Os sons variam em diversas línguas, as palavras nem sempre carregam significado semelhante. Muitas palavras não têm tradução. É frequente duas ou mais pessoas falarem a mesma língua e não compreenderem, da mesma forma, o que foi dito. Quando uma pessoa fala, por mais simples que seja a frase, ela ecoa num sistema de informação neural conformado pela cultura e pelas experiências cotidianas experimentadas ao longo da vida.

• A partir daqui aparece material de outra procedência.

lemma right_translation_permutes: "right_translation n G b permutes {1..n}"
proof (rule bij_imp_permutes)
  have "b 1 \<in> {1..n}"
    using permutes_in_image[OF regular_subgroup_permutes[OF reg b]] one_in_range by blast
  then have "bij_betw ((\<lambda>g. g (b 1)) \<circ> inv_into G (\<lambda>g. g 1)) {1..n} {1..n}"
    using regular_subgroup_bij_betw_eval[OF reg] one_in_range
    by (blast intro: bij_betw_trans bij_betw_inv_into)
  then show "bij_betw (right_translation n G b) {1..n} {1..n}"
    by (rule bij_betw_cong[THEN iffD1, rotated]) (simp add: right_translation_def)
qed (auto simp: right_translation_def)

lemma right_translation_centralizer: "right_translation n G b \<in> centralizer_Sn n G"
  using right_translation_permutes right_translation_commute
  by (auto simp: centralizer_Sn_def sym_group_carrier)

end

lemma regular_subgroup_funpow_closed:
  assumes "regular_subgroup n G" "g \<in> G"
  shows "g ^^ m \<in> G"
  using group.subgroup_nat_pow_closed[OF sym_group_is_group, of G n g m] assms
  by (simp add: regular_subgroup_def sym_group_pow)

lemma coprime_cyclic_decomposition_inj_pow:
  assumes n: "n \<ge> 1" and reg: "regular_subgroup n G"
    and decomp: "coprime_cyclic_decomposition ((sym_group n)\<lparr>carrier := G\<rparr>)"
  obtains a b where "a \<in> G" "b \<in> G" "inj_on (\<lambda>m. a ^^ m \<circ> b ^^ m) {..<n}"
proof -
  interpret S: group "sym_group n"
    by (rule sym_group_is_group)
  have sub: "subgroup G (sym_group n)" and card: "card G = n"
    using reg by (simp_all add: regular_subgroup_def)
  obtain A B where A: "subgroup A ((sym_group n)\<lparr>carrier := G\<rparr>)"
    and B: "subgroup B ((sym_group n)\<lparr>carrier := G\<rparr>)"
    and cyclic: "cyclic_group ((sym_group n)\<lparr>carrier := A\<rparr>)" "cyclic_group ((sym_group n)\<lparr>carrier := B\<rparr>)"
    and coprime: "coprime (card A) (card B)"
    and G_eq: "G = {x \<circ> y | x y. x \<in> A \<and> y \<in> B}"
    using decomp unfolding coprime_cyclic_decomposition_def by (auto simp: sym_group_mult)
  have AG: "A \<subseteq> G" and BG: "B \<subseteq> G"
    using subgroup.subset[OF A] subgroup.subset[OF B] by simp_all
  have AS: "subgroup A (sym_group n)" and BS: "subgroup B (sym_group n)"
    using S.incl_subgroup[OF sub A] S.incl_subgroup[OF sub B] .
  have "finite G"
    using card n by (intro card_ge_0_finite) simp
  then have fin: "finite A" "finite B"
    using AG BG finite_subset by blast+
  obtain a where a: "a \<in> A" "S.ord a = card A"
    using S.cyclic_subgroup_generator[OF AS fin(1) cyclic(1)] .
  obtain b where b: "b \<in> B" "S.ord b = card B"
    using S.cyclic_subgroup_generator[OF BS fin(2) cyclic(2)] .
  have "G = (\<lambda>(x, y). x \<circ> y) ` (A \<times> B)"
    using G_eq by auto
  then have "n \<le> card A * card B"
    using card card_image_le[OF finite_cartesian_product[OF fin], of "\<lambda>(x, y). x \<circ> y"]
    by (simp add: card_cartesian_product)
  then have "inj_on (\<lambda>m. a [^]\<^bsub>sym_group n\<^esub> m \<otimes>\<^bsub>sym_group n\<^esub> b [^]\<^bsub>sym_group n\<^esub> m) {..<n}"
    by (intro inj_on_subset[OF S.inj_on_pow_mult_pow[OF AS fin(1) BS fin(2) coprime a b]]) auto
  moreover have "a \<in> G" "b \<in> G"
    using a b AG BG by auto
  ultimately show ?thesis
    using that by (simp add: sym_group_pow sym_group_mult)
qed
lemma scan_from_stall:
  assumes stall: "stalls_at_pivot a b L" and "b \<in> V" "L \<le> D"
  shows "hop (3 / \<delta> * l) a b \<le> ereal (c * D) \<or> near_pivot_pair a b"
proof -
  obtain u L1 z1 where u: "u \<in> V" "0 \<le> L1" "gd u b \<le> ereal (L - L1)"
      "hop (budget L1 + 1) a u \<le> ereal (c * L1)"
    and z1: "z1 \<in> A (Suc i)" "hop l u z1 \<le> ereal (2 * \<delta> * D)"
    using stall unfolding stalls_at_pivot_def by blast
  obtain L2 where L2: "gd b u = ereal L2" "0 \<le> L2" "L2 \<le> L - L1"
    by (rule gd_le_ereal[OF u(3)[unfolded gd_sym[of u b]]]) auto
  from scan_shortest_path[OF \<open>b \<in> V\<close> u(1) L2(1)] show ?thesis
  proof
    assume "hop (budget L2) b u \<le> ereal (c * L2)"
    then have "hop (budget L2) u b \<le> ereal (c * L2)" by (simp only: hop_sym)
    then have "hop (budget L1 + 1 + budget L2) a b \<le> ereal (c * L1 + c * L2)"
      by (rule hopdist_triangle[OF finV u(4)])
    moreover have "budget L1 + 1 + budget L2 \<le> 3 / \<delta> * l"
      using budget_pair_le[of L1 L2] L2(3) assms(3) l_ge_1 by simp
    moreover have "c * L1 + c * L2 \<le> c * D"
      using L2(3) assms(3) c_ge_1 by (simp flip: distrib_left)
    ultimately show ?thesis using hop_le_ereal_mono by blast
  next
    assume "stalls_at_pivot b u L2"
    then obtain u' M1 z2 where u': "u' \<in> V" "0 \<le> M1" "gd u' u \<le> ereal (L2 - M1)"
        "hop (budget M1 + 1) b u' \<le> ereal (c * M1)"
      and z2: "z2 \<in> A (Suc i)" "hop l u' z2 \<le> ereal (2 * \<delta> * D)"
      unfolding stalls_at_pivot_def by blast
    have "0 \<le> L2 - M1" by (rule gd_le_ereal[OF u'(3)]) linarith
    have "z1 \<in> V" "z2 \<in> V" using z1(1) z2(1) A_subset_V[of "Suc i"] i_lt_k by auto
    then have "gd z1 z2 \<le> ereal (2 * \<delta> * D + (L2 - M1) + 2 * \<delta> * D)"
      using gd_le_via_hops z1(2) z2(2) u(1) u'(1,3) gd_sym[of u' u] by metis
    then have "gd z1 z2 \<le> ereal (4 * \<delta> * D + (L2 - M1))" by (simp add: algebra_simps)
    moreover have "hop (budget L1 + 1 + l) a z1 \<le> ereal (c * L1 + 2 * \<delta> * D)"
      using hopdist_triangle[OF finV u(4) z1(2)] .
    moreover have "hop (budget M1 + 1 + l) b z2 \<le> ereal (c * M1 + 2 * \<delta> * D)"
      using hopdist_triangle[OF finV u'(4) z2(2)] .
    moreover have "L1 + M1 + (L2 - M1) \<le> D" using L2(3) assms(3) by simp
    ultimately show ?thesis
      unfolding near_pivot_pair_def using z1(1) z2(1) u(2) u'(2) \<open>0 \<le> L2 - M1\<close> by blast
  qed
qed

lemma scan_both_ends:
  assumes "a \<in> V" "b \<in> V" "gd a b \<le> ereal D"
  shows "hop (3 / \<delta> * l) a b \<le> ereal (c * D) \<or> near_pivot_pair a b"
proof -
  obtain L where L: "gd a b = ereal L" "0 \<le> L" "L \<le> D" using gd_le_ereal[OF assms(3)] by blast
  from scan_shortest_path[OF assms(1,2) L(1)] show ?thesis
  proof
    assume "hop (budget L) a b \<le> ereal (c * L)"
    moreover have "budget L \<le> 3 / \<delta> * l"
      using budget_pair_le[of L 0] L(3) l_ge_1 by (simp add: hop_budget_def)
    moreover have "c * L \<le> c * D" using L(3) c_ge_1 by simp
    ultimately show ?thesis using hop_le_ereal_mono by blast
  qed (use scan_from_stall assms(2) L(3) in blast)
qed

lemma near_pivot_pair_bridge:
  assumes "near_pivot_pair a b" "Suc i < k" "c + 16 * \<delta> \<le> 2"
  shows "hop (3 / \<delta> * l) a b \<le> ereal ((c + 8 * \<delta>) * D)
    \<or> (\<exists>z\<in>A (Suc (Suc i)). hop (3 / \<delta> * l) a z \<le> ereal (2 * D))"
proof -
  obtain z1 z2 L1 M1 M2 where z: "z1 \<in> A (Suc i)" "z2 \<in> A (Suc i)"
      and lens: "0 \<le> L1" "0 \<le> M1" "0 \<le> M2" "L1 + M1 + M2 \<le> D"
      and hops: "hop (budget L1 + 1 + l) a z1 \<le> ereal (c * L1 + 2 * \<delta> * D)"
        "hop (budget M1 + 1 + l) b z2 \<le> ereal (c * M1 + 2 * \<delta> * D)"
      and gz: "gd z1 z2 \<le> ereal (4 * \<delta> * D + M2)"
    using assms(1) unfolding near_pivot_pair_def by blast
  have M2: "M2 \<le> c * M2" "0 \<le> c * M1" and LMD: "c * (L1 + M1 + M2) \<le> c * D"
    using lens c_ge_1 by (simp_all add: mult_le_cancel_right1)
  have "c * L1 + 2 * \<delta> * D + (4 * \<delta> * D + M2) + (c * M1 + 2 * \<delta> * D)
      = c * L1 + c * M1 + M2 + 8 * (\<delta> * D)" by algebra
  also have "\<dots> \<le> c * (L1 + M1 + M2) + 8 * (\<delta> * D)" using M2 by (simp add: distrib_left)
  also have "\<dots> \<le> (c + 8 * \<delta>) * D" using LMD by (simp add: distrib_right)
  finally have to_b: "c * L1 + 2 * \<delta> * D + (4 * \<delta> * D + M2) + (c * M1 + 2 * \<delta> * D)
      \<le> (c + 8 * \<delta>) * D" .
  have "c * L1 + 2 * \<delta> * D + (4 * \<delta> * D + M2) = c * L1 + M2 + 6 * (\<delta> * D)" by algebra
  also have "\<dots> \<le> c * (L1 + M1 + M2) + 6 * (\<delta> * D)" using M2 by (simp add: distrib_left)
  also have "\<dots> \<le> (c + 6 * \<delta>) * D" using LMD by (simp add: distrib_right)
  also have "\<dots> \<le> 2 * D" using assms(3) delta D_pos by (intro mult_right_mono) auto
  finally have to_pivot: "c * L1 + 2 * \<delta> * D + (4 * \<delta> * D + M2) \<le> 2 * D" .
  have "budget L1 + 1 + l + 1 + (budget M1 + 1 + l) \<le> 3 / \<delta> * l"
    "budget L1 + 1 + l + 1 \<le> 3 / \<delta> * l"
    using budget_pair_le[of L1 M1] budget_pair_le[of L1 0] lens l_ge_1
    by (simp_all add: hop_budget_def)
  with bunch_hop_bridge[OF assms(2) z gz hops] to_b to_pivot show ?thesis
    using hop_le_ereal_mono by blast
qed

end

lemma stretch_or_pivot_Suc:
  assumes claim: "stretch_or_pivot i l c" and "Suc i < k"
    and "1 \<le> l" "1 \<le> c" "c + 16 * \<delta> \<le> 2"
  shows "stretch_or_pivot (Suc i) (3 / \<delta> * l) (c + 8 * \<delta>)"
  unfolding stretch_or_pivot_def
proof (intro ballI allI impI)
  fix a b r assume ab: "a \<in> V" "b \<in> V" and r: "gd a b \<le> ereal r"
  have "0 \<le> r" by (rule gd_le_ereal[OF r]) linarith
  show "hop (3 / \<delta> * l) a b \<le> ereal ((c + 8 * \<delta>) * r)
    \<or> (\<exists>z\<in>A (Suc (Suc i)). hop (3 / \<delta> * l) a z \<le> ereal (2 * r))"
  proof (cases "r = 0") \<comment> \<open>the scan needs segments of positive length \<open>\<delta> * r\<close>\<close>
    case True
    then have "a = b" using gd_eq_0_imp_eq ab r gd_nonneg[of a b] by (simp add: zero_ereal_def)
    moreover have "0 \<le> 3 / \<delta> * l" using \<open>1 \<le> l\<close> delta by simp
    ultimately show ?thesis using hopdist_refl_le[OF ab(1)] True by (simp add: zero_ereal_def)
  next
    case False
    then have "0 < r" using \<open>0 \<le> r\<close> by simp
    have "c * r \<le> (c + 8 * \<delta>) * r" using \<open>0 \<le> r\<close> delta by (simp add: mult_right_mono)
    then show ?thesis
      using scan_both_ends[OF claim _ assms(3,4) \<open>0 < r\<close> ab r] assms(2)
        near_pivot_pair_bridge[OF claim _ assms(3,4) \<open>0 < r\<close> _ assms(2,5)]
      by (auto intro: hop_le_ereal_mono)
  qed
qed

lemma stretch_or_pivot_level:
  "i < k \<Longrightarrow> stretch_or_pivot i ((3 / \<delta>) ^ i) (1 + 8 * \<delta> * real i)"
proof (induction i)
  case 0
  then show ?case using stretch_or_pivot_0 by simp
next
  case (Suc i)
  have "1 \<le> 3 / \<delta>" using delta delta_lt_one_eighth by (simp add: field_simps)
  then have "1 \<le> (3 / \<delta>) ^ i" by (rule one_le_power)
  moreover have "8 * \<delta> * real (Suc (Suc i)) \<le> 8 * \<delta> * real k" using Suc.prems delta by simp
  then have "1 + 8 * \<delta> * real i + 16 * \<delta> \<le> 2" using delta k_pos by (simp add: field_simps)
  ultimately show ?case
    using stretch_or_pivot_Suc[OF Suc.IH] Suc.prems delta by (simp add: algebra_simps)
qed

end

theorem mainTheorem1:
  fixes V :: "'a set" and E :: "('a \<times> 'a) set" and w :: "'a \<Rightarrow> 'a \<Rightarrow> real"
    and k :: nat and A :: "nat \<Rightarrow> 'a set" and p :: "'a \<Rightarrow> 'a"
    and \<delta> :: real and x y :: 'a
  assumes finV: "finite V"
    and E_sub: "E \<subseteq> V \<times> V"
    and E_sym: "\<And>u v. (u, v) \<in> E \<Longrightarrow> (v, u) \<in> E"
    and w_sym: "\<And>u v. (u, v) \<in> E \<Longrightarrow> w u v = w v u"
    and w_pos: "\<And>u v. (u, v) \<in> E \<Longrightarrow> w u v > 0"
    and k_pos: "k \<ge> 1"
    and A0: "A 0 = V"
    and Ak: "A k = {}"
    and A_mono: "\<And>i. i < k \<Longrightarrow> A (Suc i) \<subseteq> A i"
    and p_def: "\<And>i u. i < k \<Longrightarrow> u \<in> A i - A (Suc i) \<Longrightarrow> A (Suc i) \<noteq> {} \<Longrightarrow>
        p u \<in> A (Suc i) \<and>
        gdist V (graph_weight E w) u (p u) = setdist V (graph_weight E w) u (A (Suc i))"
    and delta: "0 < \<delta>" "\<delta> < 1 / (8 * real k)"
    and xy: "x \<in> V" "y \<in> V"
  shows "\<forall>i<k.
    hopdist V (union_weight V (graph_weight E w) (bunch_edges V (graph_weight E w) k A p))
        ((3 / \<delta>) ^ i) x y
      \<le> ereal (1 + 8 * \<delta> * real i) * gdist V (graph_weight E w) x y
    \<or> (\<exists>z \<in> A (Suc i).
        hopdist V (union_weight V (graph_weight E w) (bunch_edges V (graph_weight E w) k A p))
          ((3 / \<delta>) ^ i) x z
        \<le> 2 * gdist V (graph_weight E w) x y)"
proof (intro allI impI)
  interpret bunch_emulator V E w k A p \<delta>
    using finV E_sym w_sym w_pos k_pos A0 A_mono p_def delta by unfold_locales auto
  fix i assume "i < k"
  then have claim: "stretch_or_pivot i ((3 / \<delta>) ^ i) (1 + 8 * \<delta> * real i)"
    by (rule stretch_or_pivot_level)
  have "0 < 1 + 8 * \<delta> * real i" using delta by (simp add: add_pos_nonneg)
  then show "hop ((3 / \<delta>) ^ i) x y \<le> ereal (1 + 8 * \<delta> * real i) * gd x y
    \<or> (\<exists>z \<in> A (Suc i). hop ((3 / \<delta>) ^ i) x z \<le> 2 * gd x y)"
  proof (cases "gd x y")
    case (real r)
    then show ?thesis using claim xy unfolding stretch_or_pivot_def by auto
  qed (use gd_nonneg[of x y] in auto)
qed

end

Os neurônios são responsáveis por sinapses com memória criadas pelo uso frequente e repetitivo.

As experiências boas ou más e, principalmente, a ausência de experiências de vida podem tornar um fato comprovado por um experimento ausente de percepção e sentido ou significado para uma determinada pessoa. Existem sons no cantonês que eu não conseguia escutar e, portanto, não podia repetir. A apreensão de uma realidade X depende dessa espécie de eco capaz de transformar a experiência em razão.

O eco (relação entre a experiência e a razão) corresponde à cultura que cada um de nós carrega como patrimônio invisível no cérebro. A cultura e experiência de vida definem sensações com origem em satisfação e repulsa diante de objetos de desejo, marcadores de poder e diferentes formas de vínculos e afetos com a natureza (pessoas, animais e matéria). Marcadores voltados para a sobrevivência, poder e satisfação emocional, conscientes e inconscientes (dinheiro, carro, cargos em instituições, entre muitos outros), definirão o que se quer ouvir, ver e sentir. Em cada sociedade a vida, os objetos, as instituições e o planeta podem ser ou não ser vistos, ouvidos e sentidos, apesar de sua materialidade.

Não adianta, diante da diferença, levantar a voz, ficar indignado, repetir uma evidência até a exaustão. Uns vão ouvir e ver, e outros não vão ouvir nem sentir o que pode estar diante dos olhos.

É possível romper esse tipo de surdez e cegueira existencial?

Os gregos consideram a tragédia e seu impacto na vida cívica um caminho para se fazer ver. Com frequência pedem apoio ao coro, mais ou menos como fazemos, agora, com o coronavírus. O outro caminho, também delineado pelos gregos, sugere a política, a vida na cidade, na polis, na ágora, como o lugar ideal para se aprender ver e ouvir.

A política surgiu para combater alguns tipos de surdez e cegueira.  É ela (Jean-Pierre Vernant) responsável pela difícil trama dos elementos contrários, permitindo a construção e reconstrução sucessiva do tecido social.

Resumindo: não adianta gritar, repetir e comprovar a existência de perigo. A surdez e a cegueira sempre permanecerão entre alguns. Outros, com o apoio de um bom rei tecelão e da philia (amizade entre os gregos), podem resgatar a luz e fazer muitos ouvirem e verem: um planeta mais limpo, menos trepidante e, quem sabe, mais justo com a natureza (também humana).

Janice Theodoro da Silva é professora titular aposentada da Faculdade de Filosofia, Letras e Ciências Humanas (FFLCH) da USP.